На следующий день в интернете появилось небольшое письмо Па-рицкого — единственная его публикация, связанная с этой скандальной историей. Письмо было примерно такого содержания: «Прежде чем писать о математике, надо бы знать, что в русском языке есть всего десять цифр — от 0 до 9, все остальное — числа, которые записывают с помощью цифр. Цифры «миллион» не существует. Что касается медали, то я от нее официально отказываюсь, как и от денежной премии, которая меня абсолютно не интересует. И вообще, отцепились бы вы все, а?»
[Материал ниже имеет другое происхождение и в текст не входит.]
(* Let $\Gamma_3^*\subseteq\mathbb{R}^7$ be the set of entropy vectors of triples of discrete random variables. Let $\mathbf{e}_1=[1,0,0,1,1,0,1]^\intercal$, $\mathbf{e}_2=[0,1,0,1,0,1,1]^\intercal$, $\mathbf{e}_3=[0,0,1,0,1,1,1]^\intercal$, $\mathbf{e}_{123'}=[1,1,1,2,2,2,2]^\intercal$, and $\Theta=\mathrm{cone}(\mathbf{e}_1,\mathbf{e}_2,\mathbf{e}_3,\mathbf{e}_{123'})$. Let $\Theta^{\mathrm{in}}$ be the set of all vectors $\lambda_1\mathbf{e}_1+\lambda_2\mathbf{e}_2+\lambda_3\mathbf{e}_3+\lambda_{123'}\mathbf{e}_{123'}$ with $\lambda_1,\lambda_2,\lambda_3\ge 0$ and $\lambda_{123'}=\log m$ for some $m\in\mathbb{N}$. Then $\Theta^{\mathrm{in}}\subseteq\Theta\cap\Gamma_3^*$.
   Context: All logarithms are base 2 and entropies are in bits. For a discrete random vector $(X_1,X_2,X_3)$, its entropy vector is $[h_1,h_2,h_3,h_{12},h_{13},h_{23},h_{123}]^\intercal\in\mathbb{R}^7$, where $h_\alpha$ is the Shannon entropy of $(X_i)_{i\in\alpha}$. *)

theory Defs
  imports "HOL-Analysis.Analysis" "HOL-Probability.Probability"
begin

(* Shannon entropy (bits) of a discrete distribution on a countable type;
   log 2 0 = 0 in Isabelle, so zero-probability points contribute 0. *)
definition entropy_terms :: "'a pmf \<Rightarrow> 'a \<Rightarrow> real" where
  "entropy_terms p = (\<lambda>x. - pmf p x * log 2 (pmf p x))"

definition finite_entropy :: "'a pmf \<Rightarrow> bool" where
  "finite_entropy p \<longleftrightarrow> entropy_terms p summable_on UNIV"

definition shannon_entropy :: "'a pmf \<Rightarrow> real" where
  "shannon_entropy p = infsum (entropy_terms p) UNIV"

definition entropy_vector :: "(nat \<times> nat \<times> nat) pmf \<Rightarrow> real ^ 7" where
  "entropy_vector p = vector
     [shannon_entropy (map_pmf (\<lambda>(x,y,z). x) p),
      shannon_entropy (map_pmf (\<lambda>(x,y,z). y) p),
      shannon_entropy (map_pmf (\<lambda>(x,y,z). z) p),
      shannon_entropy (map_pmf (\<lambda>(x,y,z). (x,y)) p),
      shannon_entropy (map_pmf (\<lambda>(x,y,z). (x,z)) p),
      shannon_entropy (map_pmf (\<lambda>(x,y,z). (y,z)) p),
      shannon_entropy p]"

definition all_finite_entropy :: "(nat \<times> nat \<times> nat) pmf \<Rightarrow> bool" where
  "all_finite_entropy p \<longleftrightarrow>
     finite_entropy (map_pmf (\<lambda>(x,y,z). x) p) \<and>
     finite_entropy (map_pmf (\<lambda>(x,y,z). y) p) \<and>
     finite_entropy (map_pmf (\<lambda>(x,y,z). z) p) \<and>
     finite_entropy (map_pmf (\<lambda>(x,y,z). (x,y)) p) \<and>
     finite_entropy (map_pmf (\<lambda>(x,y,z). (x,z)) p) \<and>
     finite_entropy (map_pmf (\<lambda>(x,y,z). (y,z)) p) \<and>
     finite_entropy p"
text \<open>Along the orbit the power series of \<open>F\<close> becomes a Fourier series in \<open>s\<close>.\<close>
lemma has_field_derivative_rotation:
  assumes F: "powser4_on r c F"
    and u: "3 * norm u1 < r" "3 * norm u2 < r" "norm z3 < r" "norm z4 < r" and t: "\<bar>Im t\<bar> < 1"
  defines "P1 \<equiv> \<lambda>s. exp (\<i> * s) * u1" and "P2 \<equiv> \<lambda>s. exp (- (\<i> * s)) * u2"
  shows "((\<lambda>s. F (P1 s) (P2 s) z3 z4) has_field_derivative
      \<i> * (P1 t * d_u1 F (P1 t) (P2 t) z3 z4 - P2 t * d_u2 F (P1 t) (P2 t) z3 z4)) (at t)"
proof -
  have P: "norm (P1 s) < r" "norm (P2 s) < r" if "\<bar>Im s\<bar> < 1" for s
  proof -
    have "norm (P1 s) \<le> 3 * norm u1" "norm (P2 s) \<le> 3 * norm u2"
      unfolding P1_def P2_def using norm_rotation_le[OF that] by auto
    then show "norm (P1 s) < r" "norm (P2 s) < r" using u by linarith+
  qed
  define C where "C = (\<lambda>(i,j,k,l). c i j k l * u1 ^ i * u2 ^ j * z3 ^ k * z4 ^ l)"
  define q where "q = (\<lambda>(i::nat,j::nat,k::nat,l::nat). int i - int j)"
  have sm: "(\<lambda>n. norm (C n) * 3 ^ nat \<bar>q n\<bar>) summable_on UNIV"
  proof (rule summable_on_comparison_test)
    show "(\<lambda>(i,j,k,l). norm (c i j k l) * (3 * norm u1) ^ i * (3 * norm u2) ^ j * norm z3 ^ k
        * norm z4 ^ l) summable_on UNIV"
      by (rule powser4_abs_summable[OF F]) (use u in auto)
    fix n :: "nat \<times> nat \<times> nat \<times> nat"
    obtain i j k l where n: "n = (i,j,k,l)" by (metis prod_cases4)
    have "(3::real) ^ nat \<bar>q n\<bar> \<le> 3 ^ i * 3 ^ j"
      unfolding power_add[symmetric] by (rule power_increasing) (auto simp: n q_def)
    then have "norm (C n) * 3 ^ nat \<bar>q n\<bar> \<le> norm (C n) * (3 ^ i * 3 ^ j)"
      by (intro mult_left_mono) auto
    then show "norm (C n) * 3 ^ nat \<bar>q n\<bar> \<le> (\<lambda>(i,j,k,l). norm (c i j k l) * (3 * norm u1) ^ i
        * (3 * norm u2) ^ j * norm z3 ^ k * norm z4 ^ l) n"
      by (simp add: n C_def norm_mult norm_power power_mult_distrib mult_ac)
  qed auto
  have inf: "infinite (UNIV :: (nat \<times> nat \<times> nat \<times> nat) set)" by (simp add: finite_prod)
  have rotated_term: "c i j k l * P1 s ^ i * P2 s ^ j * z3 ^ k * z4 ^ l
      = C (i,j,k,l) * exp (\<i> * s * of_int (q (i,j,k,l)))" for s i j k l
  proof -
    have "c i j k l * P1 s ^ i * P2 s ^ j * z3 ^ k * z4 ^ l
        = c i j k l * (P1 s ^ i * P2 s ^ j) * z3 ^ k * z4 ^ l"
      by (simp only: mult.assoc)
    also have "\<dots> = c i j k l * (u1 ^ i * u2 ^ j * exp (\<i> * s * of_int (int i - int j))) * z3 ^ k * z4 ^ l"
      unfolding P1_def P2_def rotated_monomial ..
    finally show ?thesis by (simp add: C_def q_def mult_ac)
  qed
  have "(\<Sum>\<^sub>\<infinity>n. C n * exp (\<i> * s * of_int (q n))) = F (P1 s) (P2 s) z3 z4" if "s \<in> {s. \<bar>Im s\<bar> < 1}" for s
  proof -
    have "((\<lambda>(i,j,k,l). c i j k l * P1 s ^ i * P2 s ^ j * z3 ^ k * z4 ^ l) has_sum F (P1 s) (P2 s) z3 z4) UNIV"
      using F P that u by auto
    then show ?thesis unfolding rotated_term by (simp add: infsumI case_prod_unfold)
  qed
  note D = has_field_derivative_transform_within_open[OF has_field_derivative_fourier_sum[OF inf t sm]
      open_strip _ this]
  have "\<i> * ((of_nat i - of_nat j) * (c i j k l * P1 t ^ i * P2 t ^ j * z3 ^ k * z4 ^ l))
      = C (i,j,k,l) * (\<i> * of_int (q (i,j,k,l)) * exp (\<i> * t * of_int (q (i,j,k,l))))" for i j k l
    unfolding rotated_term by (simp add: q_def mult_ac)
  then have "(\<lambda>(i,j,k,l). \<i> * ((of_nat i - of_nat j) * (c i j k l * P1 t ^ i * P2 t ^ j * z3 ^ k * z4 ^ l)))
      = (\<lambda>n. C n * (\<i> * of_int (q n) * exp (\<i> * t * of_int (q n))))"
    by (auto simp only: split: prod.splits)
  with has_sum_cmult_right[OF powser4_euler_operator[OF F P[OF t] u(3,4)], of \<i>]
  have "(\<Sum>\<^sub>\<infinity>n. C n * (\<i> * of_int (q n) * exp (\<i> * t * of_int (q n))))
      = \<i> * (P1 t * d_u1 F (P1 t) (P2 t) z3 z4 - P2 t * d_u2 F (P1 t) (P2 t) z3 z4)"
    by (simp add: infsumI case_prod_unfold)
  then show ?thesis using D t by simp
qed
Понятно, что журналисты поступили наоборот: в Гадырино отправился десант, но акулы пера застали только мать лауреата, крепкую женщину, встретившую незваных гостей кочергой («из краеведческого музея, должно быть», — писали назавтра в газетах) и не пожелавшую сказать ни единого слова. Односельчане же сообщили, что Олег Николаевич уехал, а куда — не сказал.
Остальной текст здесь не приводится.